In base alle stringenti normative nazionali ed internazionali, nave Cigala Fulgosi è intervenuta salvando i 36 occupanti del natante, di cui 2 donne e 8 bambini, per i quali è attualmente in atto la verifica delle condizioni di salute e delle relative identità, in stretto coordinamento con le competenti autorità nazionali. La Marina Militare
italiana, nell’ambito dei suoi compiti di
tutela e salvaguardia degli interessi nazionali e della sicurezza del Paese, sta attuando l’Operazione Mare Sicuro. Avviata il 12 marzo 2015 per l’evolversi della crisi
libica, l’iniziativa prevede il dispiegamento di un dispositivo aeronavale per garantire attività di presenza, sorveglianza e sicurezza marittima nel Mediterraneo centrale e nello Stretto di Sicilia. Le unità, 6 navali e 5 aeree, operano in un’area di mare di circa 160.000 km quadrati, situata nel Mediterraneo centrale, che si estende al di fuori dalle acque territoriali di stati terzi ed è delimitata a sud dalle acque territoriali libiche.
Dal 1 gennaio 2018, i compiti della missione sono stati ampliati a ricomprendere le attività di supporto e di sostegno alla Guardia Costiera e alla Marina Militare libiche per il contrasto dell’immigrazione illegale e del traffico di esseri umani.
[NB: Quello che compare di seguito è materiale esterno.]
lemma limsup_abs_eq_0_if_le_inverse:
  fixes a :: "nat \<Rightarrow> real"
  assumes "\<And>k. k \<ge> 1 \<Longrightarrow> \<bar>a k\<bar> \<le> K / real k"
  shows "limsup (\<lambda>k. ereal \<bar>a k\<bar>) = 0"
proof -
  have "a \<longlonglongrightarrow> 0"
  proof (rule Lim_null_comparison[OF _ lim_const_over_n[of K]])
    show "\<forall>\<^sub>F k in sequentially. norm (a k) \<le> K / real k"
      using eventually_ge_at_top[of 1] by eventually_elim (simp add: assms)
  qed
  then have "(\<lambda>k. ereal \<bar>a k\<bar>) \<longlonglongrightarrow> ereal 0"
    by (intro tendsto_ereal tendsto_rabs_zero)
  from lim_imp_Limsup[OF trivial_limit_sequentially this] show ?thesis
    by (simp add: zero_ereal_def)
qed

lemma (in prob_space) average_integral_deviation:
  assumes "integrable M f" "integrable M g"
    and "\<And>\<omega>. \<omega> \<in> space M \<Longrightarrow> \<bar>f \<omega> - g \<omega>\<bar> \<le> K"
    and "(\<integral>\<omega>. g \<omega> \<partial>M) = real k * c" "k \<ge> 1"
  shows "\<bar>(\<integral>\<omega>. f \<omega> / real k \<partial>M) - c\<bar> \<le> K / real k"
proof -
  have "\<bar>(\<integral>\<omega>. f \<omega> \<partial>M) - real k * c\<bar> = \<bar>\<integral>\<omega>. f \<omega> - g \<omega> \<partial>M\<bar>"
    using assms(1,2,4) by simp
  also have "\<dots> \<le> (\<integral>\<omega>. \<bar>f \<omega> - g \<omega>\<bar> \<partial>M)"
    by (rule integral_abs_bound)
  also have "\<dots> \<le> K"
    using assms by (intro integral_le_const) auto
  finally have "\<bar>(\<integral>\<omega>. f \<omega> \<partial>M) - real k * c\<bar> / real k \<le> K / real k"
    by (simp add: divide_right_mono)
  moreover have "(\<integral>\<omega>. f \<omega> / real k \<partial>M) - c = ((\<integral>\<omega>. f \<omega> \<partial>M) - real k * c) / real k"
    using \<open>k \<ge> 1\<close> by (simp add: field_simps)
  ultimately show ?thesis
    by (simp add: abs_divide)
qed

locale erasure_process = prob_space M for M :: "'a measure" +
  fixes X :: "nat \<Rightarrow> 'a \<Rightarrow> real" and p :: real
  assumes measurable_X: "i \<ge> 1 \<Longrightarrow> X i \<in> borel_measurable M"
    and X_01: "i \<ge> 1 \<Longrightarrow> \<omega> \<in> space M \<Longrightarrow> X i \<omega> \<in> {0, 1}"
    and integral_X: "i \<ge> 1 \<Longrightarrow> (\<integral>\<omega>. X i \<omega> \<partial>M) = p"
begin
Nave Cigala Fulgosi è posta a protezione distante della nave ausiliaria Capri, che opera prevalentemente ormeggiata in porto a Tripoli per fornire assistenza tecnico-logistica ai mezzi della Marina militare e della Guardia Costiera libica nonché a salvaguardia del personale italiano presente a Tripoli e delle piattaforme estrattive dell’ENI presenti al largo delle coste libiche.